Given information: Begin

(* Let $T\subset V$ be an open cone with basepoint $b\in T$, let $x\in\partial T\setminus[0]_T$, and let $f\in\mathcal B_T\cap A_T(x)$. Then $f$ satisfies $$f((1-\lambda)x+\lambda y)=\log\lambda+f(y)\qquad\text{whenever } \lambda>0,\ y\in T,\ (1-\lambda)x+\lambda y\in T,$$ so the extension $f|^{\tau(T,x)}:\tau(T,x)\to\mathbb R$, $f|^{\tau(T,x)}(y):=-\log\lambda_y+f((1-\lambda_y)x+\lambda_y y)$ (where $\lambda_y>0$ is any number with $(1-\lambda_y)x+\lambda_y y\in T$), is well defined; moreover $f|^{\tau(T,x)}\in\mathcal K_{\tau(T,x)}\cup\mathcal B_{\tau(T,x)}$.
   Context: $V$ is a finite-dimensional real vector space. An open cone is a nonempty open convex set $T\subset V$ with $\lambda T\subseteq T$ for all $\lambda>0$ and $0\notin T$; $\partial T$ its boundary. Write $x\le_T y$ iff $y-x\in\overline T$, $[0]_T:=\overline T\cap(-\overline T)$. $M_T(y/x):=\inf\{\lambda>0:y\le_T\lambda x\}$, $F_T(y,x):=\log M_T(y/x)$. Open tangent cone $\tau(T,x):=\{\lambda(y-x):\lambda>0,\ y\in T\}$ (an open cone containing $T$). For an open cone $S\ni b$: $f_{S,p}(y):=F_S(y,p)-F_S(b,p)$ ($p\in S$), $\mathcal K_S:=\{f_{S,p}:p\in S\}$; a sequence $(x_n)$ in $S$ converges in the Funk sense to $g$ if $F_S(\cdot,x_n)-F_S(b,x_n)\to g$ pointwise on $S$; a Funk horofunction of $S$ is such a limit not in $\mathcal K_S$; an almost-geodesic is a sequence $(x_l)$ in $S$ with, for some $\epsilon>0$, $\sum_{i=1}^l F_S(x_{i-1},x_i)\le F_S(x_0,x_l)+\epsilon$ for all $l\ge1$; $\mathcal B_S$ is the set of Funk horofunctions of $S$ that are Funk-sense limits of almost-geodesics. $A_T(x)$ is the set of Funk horofunctions of $T$ that are Funk-sense limits of sequences in $T$ converging to $x$ in the usual topology. *)

theory Defs
  imports "HOL-Analysis.Analysis"
begin

definition open_cone :: "'a::euclidean_space set \<Rightarrow> bool" where
  "open_cone T \<longleftrightarrow> T \<noteq> {} \<and> open T \<and> convex T \<and>
     (\<forall>l>0. \<forall>x\<in>T. l *\<^sub>R x \<in> T) \<and> 0 \<notin> T"

definition cone_le :: "'a::euclidean_space set \<Rightarrow> 'a \<Rightarrow> 'a \<Rightarrow> bool" where
  "cone_le T x y \<longleftrightarrow> y - x \<in> closure T"

definition zero_class :: "'a::euclidean_space set \<Rightarrow> 'a set" where
  "zero_class T = closure T \<inter> uminus ` closure T"

definition funk_M :: "'a::euclidean_space set \<Rightarrow> 'a \<Rightarrow> 'a \<Rightarrow> real" where
  "funk_M T y x = Inf {l. l > 0 \<and> cone_le T y (l *\<^sub>R x)}"

definition funk :: "'a::euclidean_space set \<Rightarrow> 'a \<Rightarrow> 'a \<Rightarrow> real" where
  "funk T y x = ln (funk_M T y x)"

definition tangent_cone :: "'a::euclidean_space set \<Rightarrow> 'a \<Rightarrow> 'a set" where
  "tangent_cone T x = {l *\<^sub>R (y - x) | l y. l > 0 \<and> y \<in> T}"

definition funk_fn :: "'a::euclidean_space set \<Rightarrow> 'a \<Rightarrow> 'a \<Rightarrow> 'a \<Rightarrow> real" where
  "funk_fn S b p y = funk S y p - funk S b p"

definition in_K :: "'a::euclidean_space set \<Rightarrow> 'a \<Rightarrow> ('a \<Rightarrow> real) \<Rightarrow> bool" where
  "in_K S b g \<longleftrightarrow> (\<exists>p\<in>S. \<forall>y\<in>S. g y = funk_fn S b p y)"

definition funk_converges :: "'a::euclidean_space set \<Rightarrow> 'a \<Rightarrow> (nat \<Rightarrow> 'a) \<Rightarrow> ('a \<Rightarrow> real) \<Rightarrow> bool" where
  "funk_converges S b xs g \<longleftrightarrow> (\<forall>n. xs n \<in> S) \<and>
     (\<forall>z\<in>S. (\<lambda>n. funk S z (xs n) - funk S b (xs n)) \<longlonglongrightarrow> g z)"
(* Let $\mathcal G$ be an almost-surely terminating CFG, and let $\sigma_0,\sigma_1,\sigma_2,\dots$ be an enumeration of $\mathsf{Reach}(\mathcal G)$ with $\sigma_0$ the terminal state. For $i,n\in\mathbb N$ define $$R(i,n)=\sup_{\mathfrak s}\mathbb P^i_{\mathfrak s}\big(\Diamond\{\sigma_m: m\ge n\}\big),$$ the supremum over schedulers of the probability that a run of $\mathcal G(\sigma_i)$ eventually visits some state of index at least $n$. Then for every $i\in\mathbb N$, $\lim_{n\to\infty}R(i,n)=0$.
   Context: A probabilistic control flow graph (CFG) is a tuple $\mathcal G=(L,V,l_{init},\mathbf x_{init},\mapsto,G,\mathsf{Pr},\mathsf{Upd})$. $L$ is a finite set of locations, partitioned into assignment, nondeterministic and probabilistic locations. The variables in $V$ range over $\mathbb Q$. $(l_{init},\mathbf x_{init})$ is the initial state. There are finitely many guarded transitions. At probabilistic locations, the outgoing transitions carry positive rational probabilities (given by arithmetic expressions in the variables) that sum to $1$ over enabled transitions. Assignment locations have at most one outgoing transition, carrying an update of one variable. A state is a pair $(l,\mathbf x)$, and successors are given by enabled transitions. Every state has at least one, and finitely many, successors. A scheduler $\mathfrak s$ maps finite paths ending in nondeterministic states to successors. $\mathbb P^i_{\mathfrak s}$ denotes the probability measure on runs of $\mathcal G(\sigma_i)$, which is $\mathcal G$ started at $\sigma_i$, induced by $\mathfrak s$. The terminal state is $\sigma_\bot=(l_{out},\mathbf 0)$. $\mathcal G$ is almost-surely terminating (AST) if $\inf_{\mathfrak s}\mathbb P_{\mathfrak s}[\text{run visits }\sigma_\bot]=1$. $\mathsf{Reach}(\mathcal G)$ is the set of states reachable by a finite path from the initial state. *)

theory Defs
  imports "HOL-Probability.Probability" "HOL-Library.Extended_Nat"
begin

text \<open>Guards, probability expressions and update expressions are represented semantically
  as functions of the valuation.\<close>

datatype loc_kind = AssignLoc | NondetLoc | ProbLoc

type_synonym 'v valuation = "'v \<Rightarrow> rat"
type_synonym ('l, 'v) state = "'l \<times> 'v valuation"

record ('l, 'v) transition =
  src   :: 'l
  tgt   :: 'l
  guard :: "'v valuation \<Rightarrow> bool"
  prb   :: "'v valuation \<Rightarrow> rat"
  upd   :: "('v \<times> ('v valuation \<Rightarrow> rat)) option"

record ('l, 'v) cfg =
  kind   :: "'l \<Rightarrow> loc_kind"
  l_init :: 'l
  x_init :: "'v valuation"
  l_out  :: 'l
  trans  :: "('l, 'v) transition list"

definition enabled :: "('l, 'v) transition \<Rightarrow> ('l, 'v) state \<Rightarrow> bool" where
  "enabled \<tau> \<sigma> \<longleftrightarrow> src \<tau> = fst \<sigma> \<and> guard \<tau> (snd \<sigma>)"

definition eff :: "('l, 'v) transition \<Rightarrow> 'v valuation \<Rightarrow> 'v valuation" where
  "eff \<tau> x = (case upd \<tau> of None \<Rightarrow> x | Some (v, e) \<Rightarrow> x(v := e x))"

definition next_state :: "('l, 'v) transition \<Rightarrow> ('l, 'v) state \<Rightarrow> ('l, 'v) state" where
  "next_state \<tau> \<sigma> = (tgt \<tau>, eff \<tau> (snd \<sigma>))"

definition enabled_trans :: "('l, 'v) cfg \<Rightarrow> ('l, 'v) state \<Rightarrow> ('l, 'v) transition list" where
  "enabled_trans G \<sigma> = filter (\<lambda>\<tau>. enabled \<tau> \<sigma>) (trans G)"

definition succs :: "('l, 'v) cfg \<Rightarrow> ('l, 'v) state \<Rightarrow> ('l, 'v) state set" where
  "succs G \<sigma> = (\<lambda>\<tau>. next_state \<tau> \<sigma>) ` set (enabled_trans G \<sigma>)"

definition term_state :: "('l, 'v) cfg \<Rightarrow> ('l, 'v) state" where
  "term_state G = (l_out G, (\<lambda>_. 0))"

definition init_state :: "('l, 'v) cfg \<Rightarrow> ('l, 'v) state" where
  "init_state G = (l_init G, x_init G)"
(* Let $G$ be a tree with negative definite intersection matrix, $\mathcal N$ its set of nodes (vertices of degree $\ge 3$), and $x$ the Laufer operator with respect to $\mathcal N$. Let $n\in\mathcal N$ and let $v_1,\dots,v_s$ ($s\ge1$) be a chain of non-node vertices with $v_1$ adjacent to $n$, $v_j$ adjacent to $v_{j+1}$, of one of two types: (a) a bamboo: each $v_j$ has degree $2$ and $v_s$ is adjacent to a node $n'\neq n$; or (b) a leg: $v_s$ has degree $1$ and $v_1,\dots,v_{s-1}$ have degree $2$. Assume $b_{v_j}\ge2$ for all $j$, except that in case (b) with $s=1$ also $b_{v_1}=1$ is allowed. Let $\alpha$ be the determinant of the negative of the intersection matrix of $\{v_1,\dots,v_s\}$ and $\beta$ that of $\{v_2,\dots,v_s\}$ (with $\beta=1$ if $s=1$), so $\alpha/\beta=[b_{v_1},\dots,b_{v_s}]$. If $Z\in L$ satisfies $x(Z)=Z$, then $$m_{v_1}(Z)=\left\lceil\frac{\beta\,m_n(Z)+m_{n'}(Z)}{\alpha}\right\rceil,$$ where in case (b) one sets $m_{n'}(Z)=0$.
   Context: $L=\bigoplus_v\mathbb ZE_v$ with $(E_v,E_w)$ = number of edges for $v\ne w$ and $(E_v,E_v)=-b_v$; $m_v(Z)$ is the coefficient of $E_v$ in $Z$. The Laufer operator $x(Z)$ is the unique coefficientwise-minimal $Z''\in L$ with $m_n(Z'')=m_n(Z)$ for all nodes $n$ and $(Z'',E_v)\le0$ for all non-node vertices $v$. $[b_1,\dots,b_s]=b_1-1/(b_2-1/(\cdots-1/b_s))$ is the negative continued fraction. *)

theory Defs
  imports Complex_Main "Jordan_Normal_Form.Determinant"
begin

text \<open>A plumbing graph: finite vertex set V, symmetric irreflexive adjacency E
  (simple graph, so the number of edges between distinct v, w is 0 or 1),
  and Euler numbers b.\<close>

definition graph_ok :: "'a set \<Rightarrow> ('a \<Rightarrow> 'a \<Rightarrow> bool) \<Rightarrow> bool" where
  "graph_ok V E \<longleftrightarrow> finite V \<and> (\<forall>v w. E v w \<longrightarrow> v \<in> V \<and> w \<in> V)
     \<and> (\<forall>v w. E v w \<longleftrightarrow> E w v) \<and> (\<forall>v. \<not> E v v)"

definition edge_set :: "'a set \<Rightarrow> ('a \<Rightarrow> 'a \<Rightarrow> bool) \<Rightarrow> 'a set set" where
  "edge_set V E = {{v, w} | v w. v \<in> V \<and> w \<in> V \<and> E v w}"

definition is_tree :: "'a set \<Rightarrow> ('a \<Rightarrow> 'a \<Rightarrow> bool) \<Rightarrow> bool" where
  "is_tree V E \<longleftrightarrow> graph_ok V E \<and> V \<noteq> {}
     \<and> (\<forall>v\<in>V. \<forall>w\<in>V. (\<lambda>x y. E x y)\<^sup>*\<^sup>* v w)
     \<and> card (edge_set V E) + 1 = card V"

definition degree :: "'a set \<Rightarrow> ('a \<Rightarrow> 'a \<Rightarrow> bool) \<Rightarrow> 'a \<Rightarrow> nat" where
  "degree V E v = card {w \<in> V. E v w}"

definition nodes :: "'a set \<Rightarrow> ('a \<Rightarrow> 'a \<Rightarrow> bool) \<Rightarrow> 'a set" where
  "nodes V E = {v \<in> V. degree V E v \<ge> 3}"

definition imat :: "('a \<Rightarrow> 'a \<Rightarrow> bool) \<Rightarrow> ('a \<Rightarrow> int) \<Rightarrow> 'a \<Rightarrow> 'a \<Rightarrow> int" where
  "imat E b v w = (if v = w then - b v else if E v w then 1 else 0)"

definition lattice :: "'a set \<Rightarrow> ('a \<Rightarrow> int) set" where
  "lattice V = {Z. \<forall>v. v \<notin> V \<longrightarrow> Z v = 0}"

definition iform :: "'a set \<Rightarrow> ('a \<Rightarrow> 'a \<Rightarrow> bool) \<Rightarrow> ('a \<Rightarrow> int) \<Rightarrow> ('a \<Rightarrow> int) \<Rightarrow> ('a \<Rightarrow> int) \<Rightarrow> int" where
  "iform V E b Z Z' = (\<Sum>v\<in>V. \<Sum>w\<in>V. Z v * Z' w * imat E b v w)"

definition iform_E :: "'a set \<Rightarrow> ('a \<Rightarrow> 'a \<Rightarrow> bool) \<Rightarrow> ('a \<Rightarrow> int) \<Rightarrow> ('a \<Rightarrow> int) \<Rightarrow> 'a \<Rightarrow> int" where
  "iform_E V E b Z v = (\<Sum>w\<in>V. Z w * imat E b w v)"

definition neg_definite :: "'a set \<Rightarrow> ('a \<Rightarrow> 'a \<Rightarrow> bool) \<Rightarrow> ('a \<Rightarrow> int) \<Rightarrow> bool" where
  "neg_definite V E b \<longleftrightarrow> (\<forall>x :: 'a \<Rightarrow> real. (\<exists>v\<in>V. x v \<noteq> 0) \<longrightarrow>
      (\<Sum>v\<in>V. \<Sum>w\<in>V. x v * x w * real_of_int (imat E b v w)) < 0)"

definition laufer_set :: "'a set \<Rightarrow> ('a \<Rightarrow> 'a \<Rightarrow> bool) \<Rightarrow> ('a \<Rightarrow> int) \<Rightarrow> ('a \<Rightarrow> int) \<Rightarrow> ('a \<Rightarrow> int) set" where
  "laufer_set V E b Z = {Z'' \<in> lattice V. (\<forall>n\<in>nodes V E. Z'' n = Z n)
      \<and> (\<forall>v\<in>V - nodes V E. iform_E V E b Z'' v \<le> 0)}"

Given information: End

### Aim of the exercise:
Pull out every line in the data above that has the word "succs".

### Your response:
definition succs :: "('l, 'v) cfg \<Rightarrow> ('l, 'v) state \<Rightarrow> ('l, 'v) state set" where
  "succs G \<sigma> = (\<lambda>\<tau>. next_state \<tau> \<sigma>) ` set (enabled_trans G \<sigma>)"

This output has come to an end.